Nice idea, impossible to implement due to the Nanny State brigade.

Ian Davis

Isn't a negative income tax a better mechanism to implement a basic income. What are the downsides?


So, everyone gets free cash - brilliant. Who's paying for it? Progressive income tax with a generous nil rate band is the closest thing to a fair system as you are going to get with a safety net to tide people over until they get back in their feet and work again.

No one is owed a living. Nothing in nature works like this. It is the efforts of each creature which keeps them where they are or takes them forward.


"So, everyone gets free cash - brilliant. Who's paying for it?"

There are two answers to this astonishingly popular "argument":

1) Everyone gets free cash already, when it comes to the pinch. They just get it through a more complicated and wasteful system.

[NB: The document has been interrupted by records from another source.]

lemma Wadj_eq_block_sum:
  assumes n: "0 < n" and g: "g \<in> H2"
  shows "Wadj n g = block_sum n g"
  unfolding Wadj_def
proof (rule the_equality)
  show "block_sum n g \<in> H2 \<and> (\<forall>f\<in>H2. h2inner (W n f) g = h2inner f (block_sum n g))"
    using H2_block_sum(1)[OF n g] h2inner_W_block_sum[OF n _ g] by blast
next
  fix h assume h: "h \<in> H2 \<and> (\<forall>f\<in>H2. h2inner (W n f) g = h2inner f h)"
  have "cnj (h j) = cnj (block_sum n g j)" for j
    using h h2inner_W_block_sum[OF n _ g, of "indicator {j}"] H2_finite_support(1)[of "Suc j"]
    by (auto simp: h2inner_indicator_singleton)
  then show "h = block_sum n g" by auto
qed

section \<open>Dense Li-Yorke chaos from an irregular vector\<close>

lemma liminf_ereal_eq_0_if_subseq:
  fixes X :: "nat \<Rightarrow> real"
  assumes "\<And>k. 0 \<le> X k" "strict_mono r" "(X \<circ> r) \<longlonglongrightarrow> 0"
  shows "liminf (\<lambda>k. ereal (X k)) = 0"
proof (rule antisym)
  have "((\<lambda>k. ereal (X k)) \<circ> r) \<longlonglongrightarrow> ereal 0"
    using assms(3) by (simp add: comp_def tendsto_ereal)
  then have "liminf ((\<lambda>k. ereal (X k)) \<circ> r) = 0"
    using lim_imp_Liminf[of sequentially] zero_ereal_def by auto
  then show "liminf (\<lambda>k. ereal (X k)) \<le> 0"
    using liminf_subseq_mono[OF assms(2)] by metis
  show "0 \<le> liminf (\<lambda>k. ereal (X k))"
    by (rule Liminf_bounded) (simp add: assms(1))
qed

lemma limsup_ereal_eq_infty_if_subseq:
  fixes X :: "nat \<Rightarrow> real"
  assumes "strict_mono r" "filterlim (X \<circ> r) at_top sequentially"
  shows "limsup (\<lambda>k. ereal (X k)) = \<infinity>"
proof -
  have "((\<lambda>k. ereal (X k)) \<circ> r) \<longlonglongrightarrow> \<infinity>"
    using assms(2) by (simp add: comp_def tendsto_PInfty_eq_at_top)
  then have "limsup ((\<lambda>k. ereal (X k)) \<circ> r) = \<infinity>"
    using lim_imp_Limsup[of sequentially] by auto
  then show ?thesis
    using limsup_subseq_mono[OF assms(1)] by (metis top.extremum_unique top_ereal_def)
qed

lemma liminf_ereal_scale:
  fixes X :: "nat \<Rightarrow> real"
  assumes "0 < c"
  shows "liminf (\<lambda>k. ereal (c * X k)) = ereal c * liminf (\<lambda>k. ereal (X k))"
  using ereal_liminf_lim_mult[OF tendsto_const, of "ereal c" "\<lambda>k. ereal (X k)"] assms by simp

lemma limsup_ereal_scale:
  fixes X :: "nat \<Rightarrow> real"
  assumes "0 < c"
  shows "limsup (\<lambda>k. ereal (c * X k)) = ereal c * limsup (\<lambda>k. ereal (X k))"
  using ereal_limsup_lim_mult[OF tendsto_const, of "ereal c" "\<lambda>k. ereal (X k)"] assms by simp

lemma half_power_intervals_disjoint:
  assumes "(1/2::real)^Suc m < c" "c < (1/2)^m" "(1/2)^Suc m' < c" "c < (1/2)^m'"
  shows "m = m'"
proof (rule ccontr)
  assume "m \<noteq> m'"
  then consider "Suc m \<le> m'" | "Suc m' \<le> m" by linarith
  then show False
  proof cases
    case 1
    then have "(1/2::real)^m' \<le> (1/2)^Suc m" by (rule power_decreasing) auto
    with assms show False by linarith
  next
    case 2
    then have "(1/2::real)^m \<le> (1/2)^Suc m'" by (rule power_decreasing) auto
    with assms show False by linarith
  qed
qed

2) It's that very same "everyone" who's paying for it.

"No one is owed a living. Nothing in nature works like this."

This is not nature. This is civilisation. We are not red in tooth and claw.

Try killing and eating your neighbour's pet and protesting before the court passes sentence: "But nothing in nature works like this!"


The main risk as I see it is the huge distortion in vast areas of particularly housing and labour markets. It would likely depress wages at the bottom as a vast number of previously welfare-trapped become available for part-time, insecure work. Housing (assuming the CBI replaced housing benefit) would presumably raise house prices in cheap areas as people are freed from local council bureaucracy to move, and lower the price of rented accomodation in the south.

In truth though it's such an enormous intervention in so many markets, it's impossible to see what the effects would be.

And a half-way house to a CBI would be more expensive, but have little in the way of the policy's benefits. It's not that it's a bad idea, it's just one that is hard to get to FROM HERE.

Finally, you miss the main losers from the Policy: Labour's unionised public sector bureaucracy, who stand to lose hundreds of thousands of jobs.

Steven Clarke


You object to anyone getting money without effort. Do you support 100% inheritance taxes and capital gains taxes?

Steven Clarke

... and should lotteries be banned, and the giving of gifts?


"No one is owed a living. Nothing in nature works like this. It is the efforts of each creature which keeps them where they are or takes them forward."

I love the appeals to "nature"..... probably by someone who knows less than shit about how nature works.

Prior to man coming along and disrupting their "nature" virtually all animals had a place to live and an environment filled with ample food supply..... all they had to do was use their innate skills to get it. No all animals werent equally successful either within species or between species but every Panda had an opportunity to reach his full Panda-ness from day one (til we decided they looked nice behind bars!!)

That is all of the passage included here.